Am  nächsten  Tag  verlief  die  zweite  Phase  erstaunlich  problemlos.   Das  System  der Aufgaben  in  Kamp  -Lintfort  war  durchdacht.   Vor  dem  Rathaussaal  traf  Nass  den  Wirtschaftsförderer.

„An  ihren  Strukturen  war  aber  schon  eine  Unternehmensberatung  dran?   Das  war  doch  ordentlich  teuer.   Kann  die  Stadt  sich  so  was  überhaupt  leisten?“

Der  Wirtschaftsförderer  sah  ihn  wütend  und  irritiert  zugleich  an,  sagte  aber  nichts. In  der  anschließenden  Sitzung  wurden  keine  weiteren  Kategorien  vorgeschlagen.   Nass  und  sein  Team  waren  zufrieden.   Sie  wurden  pauschal  bezahlt  und  waren  hier  zwei  Tage  früher  fertig  als  erwartet.

„War  das  nicht  ein  Wink  des  Schicksals,  Shaona  einfach  anzurufen?“  dachte  Nass.

Rückblick  auf  das Jahr  2005

Google  hatte  begonnen,  systematisch  selbst  Dienste  in  den  Bereichen  anzubieten,  welche  am  häufigsten  von  Nutzern  abgefragt  wurden. Das  häufigste  Keyword  war  über  Jahre  Routenplaner.   Hier  kaufte  Google  verschiedene  Firmen  und  brachte  Google  Earth  und  Google  Maps  auf  den  Markt.
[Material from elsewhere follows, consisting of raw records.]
lemma set_integral_beta_kernel_sum:
  fixes Psi :: nat and d :: real
  assumes d: "0 < d" "d < 1"
  defines "b \<equiv> \<lambda>m. beta_kernel (real Psi - real m + d) (real m - d)"
  shows "set_integrable lborel {0<..<1} (\<lambda>v. \<Sum>m=1..Psi. real (Psi choose m) * b m v)"
    and "(LINT v:{0<..<1}|lborel. \<Sum>m=1..Psi. real (Psi choose m) * b m v)
      = (\<Sum>m=1..Psi. real (Psi choose m) * Beta (real Psi - real m + d) (real m - d))"
proof -
  have pos: "0 < real Psi - real m + d" "0 < real m - d" if "m \<in> {1..Psi}" for m
    using that d by auto
  have indicator_sum: "indicator {0<..<1} v *\<^sub>R (\<Sum>m=1..Psi. real (Psi choose m) * b m v)
      = (\<Sum>m=1..Psi. real (Psi choose m) * (indicator {0<..<1} v *\<^sub>R b m v))" for v :: real
    by (simp add: sum_distrib_left mult_ac)
  have int: "integrable lborel (\<lambda>v. indicator {0<..<1} v *\<^sub>R b m v)" if "m \<in> {1..Psi}" for m
    using set_integral_beta_kernel(1)[OF pos[OF that]] by (simp add: set_integrable_def b_def)
  show "set_integrable lborel {0<..<1} (\<lambda>v. \<Sum>m=1..Psi. real (Psi choose m) * b m v)"
    unfolding set_integrable_def indicator_sum
    by (intro Bochner_Integration.integrable_sum integrable_mult_right) (use int in auto)
  have "(LINT v:{0<..<1}|lborel. \<Sum>m=1..Psi. real (Psi choose m) * b m v)
      = (\<Sum>m=1..Psi. real (Psi choose m) * (LINT v:{0<..<1}|lborel. b m v))"
    unfolding set_lebesgue_integral_def indicator_sum using int
    by (subst Bochner_Integration.integral_sum) (auto intro!: integrable_mult_right)
  also have "\<dots> = (\<Sum>m=1..Psi. real (Psi choose m) * Beta (real Psi - real m + d) (real m - d))"
    using set_integral_beta_kernel(2)[OF pos] by (simp add: b_def)
  finally show "(LINT v:{0<..<1}|lborel. \<Sum>m=1..Psi. real (Psi choose m) * b m v)
      = (\<Sum>m=1..Psi. real (Psi choose m) * Beta (real Psi - real m + d) (real m - d))" .
qed

lemma set_integral_beta_subst:
  fixes f :: "real \<Rightarrow> real"
  assumes c: "0 < c" and d: "0 < d" and f_cont: "continuous_on {0<..} f" and f_nonneg: "\<And>t. 0 \<le> f t"
    and int: "set_integrable lborel {0<..<1}
      (\<lambda>v. f (beta_subst c d v) * (d * c powr d * v powr (d - 1) * (1 - v) powr (- d - 1)))"
  shows "set_integrable lborel {0<..} f"
    and "(LINT t:{0<..}|lborel. f t)
      = (LINT v:{0<..<1}|lborel. f (beta_subst c d v) * (d * c powr d * v powr (d - 1) * (1 - v) powr (- d - 1)))"
proof -
  define g' where "g' = (\<lambda>v. d * c powr d * v powr (d - 1) * (1 - v) powr (- d - 1))"
  have ei: "einterval (ereal 0) \<infinity> = {0<..}" "einterval (ereal 0) (ereal 1) = {0<..<1::real}"
    by (auto simp: einterval_def)
  have "isCont f (beta_subst c d v)" if "0 < v" "v < 1" for v
    using c that f_cont by (simp add: beta_subst_def continuous_on_eq_continuous_at)
  then have prems: "\<And>v. ereal 0 < ereal v \<Longrightarrow> ereal v < ereal 1 \<Longrightarrow> DERIV (beta_subst c d) v :> g' v"
    "\<And>v. ereal 0 < ereal v \<Longrightarrow> ereal v < ereal 1 \<Longrightarrow> isCont f (beta_subst c d v)"
    "\<And>v. ereal 0 < ereal v \<Longrightarrow> ereal v < ereal 1 \<Longrightarrow> isCont g' v"
    "\<And>v. ereal 0 < ereal v \<Longrightarrow> ereal v < ereal 1 \<Longrightarrow> 0 \<le> f (beta_subst c d v)"
    "\<And>v. ereal 0 \<le> ereal v \<Longrightarrow> ereal v \<le> ereal 1 \<Longrightarrow> 0 \<le> g' v"
    using c d has_real_derivative_beta_subst[OF c] f_nonneg
    by (auto simp: g'_def intro!: continuous_intros)
  have lims: "((ereal \<circ> beta_subst c d \<circ> real_of_ereal) \<longlongrightarrow> ereal 0) (at_right (ereal 0))"
    "((ereal \<circ> beta_subst c d \<circ> real_of_ereal) \<longlongrightarrow> \<infinity>) (at_left (ereal 1))"
     apply (use beta_subst_at_right_0[OF c d] in \<open>simp add: o_assoc ereal_tendsto_simps\<close>)
    by (use beta_subst_at_left_1[OF c d] in \<open>simp add: o_assoc ereal_tendsto_simps\<close>)
  have "set_integrable lborel (einterval (ereal 0) (ereal 1)) (\<lambda>v. f (beta_subst c d v) * g' v)"
    using int by (simp add: ei g'_def)
  note subst = interval_integral_substitution_nonneg[where a="ereal 0" and b="ereal 1" and A="ereal 0"
      and B=\<infinity> and f=f and g="beta_subst c d" and g'=g', OF _ prems lims this]
  show "set_integrable lborel {0<..} f"
    using subst(1) unfolding ei by simp
  have "(LINT t:{0<..}|lborel. f t) = (LBINT x=ereal 0..\<infinity>. f x)"
    by (simp add: interval_lebesgue_integral_def ei)
  also have "\<dots> = (LBINT v=ereal 0..ereal 1. f (beta_subst c d v) * g' v)"
    using subst(2) by simp
  finally show "(LINT t:{0<..}|lborel. f t)
      = (LINT v:{0<..<1}|lborel. f (beta_subst c d v) * (d * c powr d * v powr (d - 1) * (1 - v) powr (- d - 1)))"
    by (simp add: interval_lebesgue_integral_def ei(2) g'_def)
qed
Das  zweithäufigste  Keyword  war  Wetter.   Google  bot  darauf  hin  zahlreiche  Wetterdienste  und  Möglichkeiten  an,  das  regionale  Wetter  über  sogenannte  Gadgets  immer  im Browser  anzuzeigen. Ein  weiteres  Keyword  war  Telefonbuch.   Google  baute  systematisch  in  Google  Maps  alle  Firmenadressen  ein.